Приближались выборы. Уже был выдвинут кандидат в депутаты — секретарь райкома Прокоп Прокопович Макушенка. Кандидатуру бывшего партизанского комиссара, партийного руководителя единодушно поддержали все трудящиеся района.
Дважды в неделю Мятельский, его жена и Лида должны были ходить в Лядцы на свои агитационные участки. Ладынин не признавал никаких «уважительных причин», если грозила сорваться очередная беседа.
Случалось, Мятельский просил:
— Игнат Андреевич, носа высунуть нельзя. Куда в такую погоду?
— На войне как на войне, дорогой Рыгор Установим, — отвечал доктор любимой поговоркой Мятельского. — У нас с вами передний край.
Лида ходила в Лядцы с большим удовольствием. Она любила свою работу агитатора не меньше, чем работу в школе, а небольшая прогулка от Добродеевки до Лядцев и обратно была ей только приятна. Она научила Мятельских ходить на лыжах и водила их обычно кружным путем через луга, березняк и поле.
Мятельский шел и ворчал:
— Вы нас замучаете, Лидия Игнатьевна. Вы мне окончательно испортили жену. Приучили к конькам, к лыжам. И это — женщину, которая до тридцати лет ни разу не становилась на коньки и которая через пять…
— Гриша! — не давала ему окончить Нина Алексеевна и весело смеялась. Муж глядел на нее, раскрасневшуюся, хорошенькую, и тоже начинал смеяться. А Лида в душе завидовала их счастью: «Славные они какие».
— Ну и ворчун же он у тебя, Ниночка. Вечно ворчит. Я с таким мужем и дня не прожила бы. Вели ему замолчать, а то наглотается холодного воздуха и схватит воспаление легких.
Лида вырывалась вперед и летела так, что ветер свистел в ушах, а Мятельские оставались далеко позади. Она их поджидала у деревни и каждый раз на одном и том же месте слышала просьбу Нины Алексеевны:
— Лида, милая, давай сегодня соберем всех в одну хату, с твоего и с моего участка. А то у меня сегодня так голова болит…
Был бы это кто-нибудь другой, Лида ни за что не согласилась бы, а Нине она прощала все; её наивную хитрость, её застенчивость и детский страх перед взрослыми.

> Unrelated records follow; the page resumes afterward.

lemma covered_by_nullity_cut_iff:
  assumes G: "flat E (higgs_indep M' M i) G"
  shows "(\<exists>H\<in>nullity_cut i. covers E (higgs_indep M' M i) H G) \<longleftrightarrow>
    (\<exists>x\<in>E - G. int i \<le> nullity M' M (insert x G))"
proof
  assume "\<exists>H\<in>nullity_cut i. covers E (higgs_indep M' M i) H G"
  then obtain H where H: "H \<in> nullity_cut i" "covers E (higgs_indep M' M i) H G"
    by blast
  have "G \<subset> H" "flat E (higgs_indep M' M i) H"
    using H(2) by (simp_all add: covers_def)
  then obtain x where x: "x \<in> H - G"
    by blast
  have "insert x G \<subseteq> H"
    using \<open>G \<subset> H\<close> x by blast
  moreover have "H \<subseteq> E"
    using higgs.flat_subset_ground \<open>flat E (higgs_indep M' M i) H\<close> by blast
  ultimately have insE: "insert x G \<subseteq> E"
    by blast
  have "rk (higgs_indep M' M i) (insert x G) = rk (higgs_indep M' M i) H"
    using higgs.covers_eq_cl_insert[OF H(2) x] higgs.rank_cl[OF insE] by simp
  also have "\<dots> = rk M' H + i"
    using H(1) rank_higgs_indep_if_nullity_ge unfolding nullity_cut_def by blast
  finally have "rk (higgs_indep M' M i) (insert x G) = rk M' H + i" .
  moreover have "rk M' (insert x G) \<le> rk M' H"
    using M'.rank_mono \<open>insert x G \<subseteq> H\<close> by blast
  ultimately have "int i \<le> nullity M' M (insert x G)"
    unfolding rank_higgs_indep int_le_nullity_iff by linarith
  moreover have "x \<in> E"
    using insE by blast
  ultimately show "\<exists>x\<in>E - G. int i \<le> nullity M' M (insert x G)"
    using x by blast
next
  assume "\<exists>x\<in>E - G. int i \<le> nullity M' M (insert x G)"
  then obtain x where x: "x \<in> E - G" and nullity_x: "int i \<le> nullity M' M (insert x G)"
    by blast
  have insE: "insert x G \<subseteq> E"
    using x higgs.flat_subset_ground[OF G] by blast
  define H where "H = higgs.cl i (insert x G)"
  have "covers E (higgs_indep M' M i) H G"
    unfolding H_def using higgs.covers_cl_insert[OF G x] .
  moreover have "H \<in> nullity_cut i"
  proof -
    have "flat E (higgs_indep M' M i) H"
      unfolding H_def using higgs.flat_cl[OF insE] .
    moreover have "nullity M' M (insert x G) \<le> nullity M' M H"
      unfolding H_def
      by (rule nullity_mono[OF higgs.flat_subset_ground[OF higgs.flat_cl[OF insE]] higgs.subset_cl[OF insE]])
    ultimately show ?thesis
      using nullity_x unfolding nullity_cut_def flats_def by simp
  qed
  ultimately show "\<exists>H\<in>nullity_cut i. covers E (higgs_indep M' M i) H G"
    by blast
qed

lemma elem_quotient_flats_nullity_cut:
  assumes "1 \<le> i"
  shows "elem_quotient_flats E (higgs_indep M' M i) (nullity_cut i) = flats E (higgs_indep M' M (i - 1))"
proof (rule set_eqI)
  fix G
  show "G \<in> elem_quotient_flats E (higgs_indep M' M i) (nullity_cut i) \<longleftrightarrow>
    G \<in> flats E (higgs_indep M' M (i - 1))"
  proof (cases "int i \<le> nullity M' M G")
    case True
    then have "G \<in> elem_quotient_flats E (higgs_indep M' M i) (nullity_cut i) \<longleftrightarrow>
        flat E (higgs_indep M' M i) G"
      unfolding elem_quotient_flats_def nullity_cut_def flats_def by auto
    also have "\<dots> \<longleftrightarrow> flat E (higgs_indep M' M (i - 1)) G"
      using True flat_higgs_indep_iff_quotient_flat[of i G] flat_higgs_indep_iff_quotient_flat[of "i - 1" G]
      by simp
    finally show ?thesis
      unfolding flats_def by simp
  next
    case False
    then have "G \<notin> nullity_cut i"
      unfolding nullity_cut_def by blast
    then have "G \<in> elem_quotient_flats E (higgs_indep M' M i) (nullity_cut i) \<longleftrightarrow>
        flat E (higgs_indep M' M i) G \<and> \<not> (\<exists>H\<in>nullity_cut i. covers E (higgs_indep M' M i) H G)"
      unfolding elem_quotient_flats_def flats_def by blast
    also have "\<dots> \<longleftrightarrow>
        flat E (higgs_indep M' M i) G \<and> (\<forall>x\<in>E - G. nullity M' M (insert x G) < int i)"
      using covered_by_nullity_cut_iff[of i G] by (cases "flat E (higgs_indep M' M i) G") (simp_all add: not_le)
    also have "\<dots> \<longleftrightarrow> flat E M G \<and> (\<forall>x\<in>E - G. nullity M' M (insert x G) \<le> int (i - 1))"
    proof -
      have "flat E (higgs_indep M' M i) G \<longleftrightarrow>
          flat E M G \<and> (\<forall>x\<in>E - G. nullity M' M (insert x G) \<le> int i)"
        using False by (intro flat_higgs_indep_iff_flat) simp
      moreover have "n < int i \<longleftrightarrow> n \<le> int (i - 1)" for n
        using assms by linarith
      ultimately show ?thesis
        by (metis less_imp_le)
    qed
    also have "\<dots> \<longleftrightarrow> flat E (higgs_indep M' M (i - 1)) G"
      using False assms flat_higgs_indep_iff_flat[of G "i - 1"] by simp
    finally show ?thesis
      unfolding flats_def by simp
  qed
qed

subsection \<open>Cyclic flats\<close>

lemma nullity_nonneg: "0 \<le> nullity M' M A"
  using quotient_rank_le by (simp add: nullity_def)

lemma finite_cyc: "finite (cyc E M' M)"
proof (rule finite_subset)
  show "cyc E M' M \<subseteq> Pow E"
    unfolding cyc_def f_cyclic_def using M'.flat_subset_ground by blast
qed (simp add: M.finite_ground)

lemma exists_cyclic_flat_subset:
  assumes G: "flat E M' G"
  obtains F where "F \<in> cyc E M' M" "F \<subseteq> G" "nullity M' M F = nullity M' M G"
proof -
  define S where "S = {F. flat E M' F \<and> F \<subseteq> G \<and> nullity M' M F = nullity M' M G}"
  have "finite S"
    using M'.flat_subset_ground[OF G] M.finite_ground
    by (intro finite_subset[of S "Pow G"]) (auto simp: S_def finite_subset)
  moreover have "G \<in> S"
    using G unfolding S_def by blast
  ultimately obtain F where F: "F \<in> S" "\<And>F'. F' \<in> S \<Longrightarrow> F' \<subseteq> F \<Longrightarrow> F = F'"
    using finite_has_minimal2[of S G] by blast
  then have "F \<in> cyc E M' M"
    unfolding cyc_def f_cyclic_def S_def by fastforce
  with F(1) show thesis
    using that unfolding S_def by blast
qed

Мятельские платили Лиде такой же любовью.
Вообще её любили все: ученики, преподаватели, колхозники. Особенно ученики. Любили за простоту, за то, что она, казалось им, знала все на свете и свои уроки по географии и ботанике превращала в какие-то чудесные сказки, в интереснейшие путешествия. Она не представляла себе, что такое плохая дисциплина. На её уроках ученики сидели затаив дыхание. Лида смеялась над испугом, охватившим некоторых преподавателей, когда они увидели, как она, преподавательница географии, катается со своими учениками на коньках, бегает наперегонки. Она принесла в школу много нового, оживила внеклассную работу. Переписка с уральскими пионерами, кружки, экскурсии, состязания, турниры — все это начиналось по её инициативе.
Только два человека не любили её: преподавательница русского языка Шаройка и физрук школы Патрубейка. Не любили за критику. Лида с первого дня начала поправлять произношение Полины Шаройки. Заносчивая, самолюбивая, Шаройка молчала, но от негодования прямо сохла и кончила тем, что попросила перевести её в другую школу, отказавшись сообщить причины.
Либеральный Мятельский не раз увещевал Лиду:
— Лидия Игнатьевна, сжальтесь вы над нею. Вы её в гроб вгоните.
— Не могу, не могу. От её грамотности зависит грамотность учеников. Пускай учится, а то, говорят, после окончания института она не прочла ни одной серьезной книжки.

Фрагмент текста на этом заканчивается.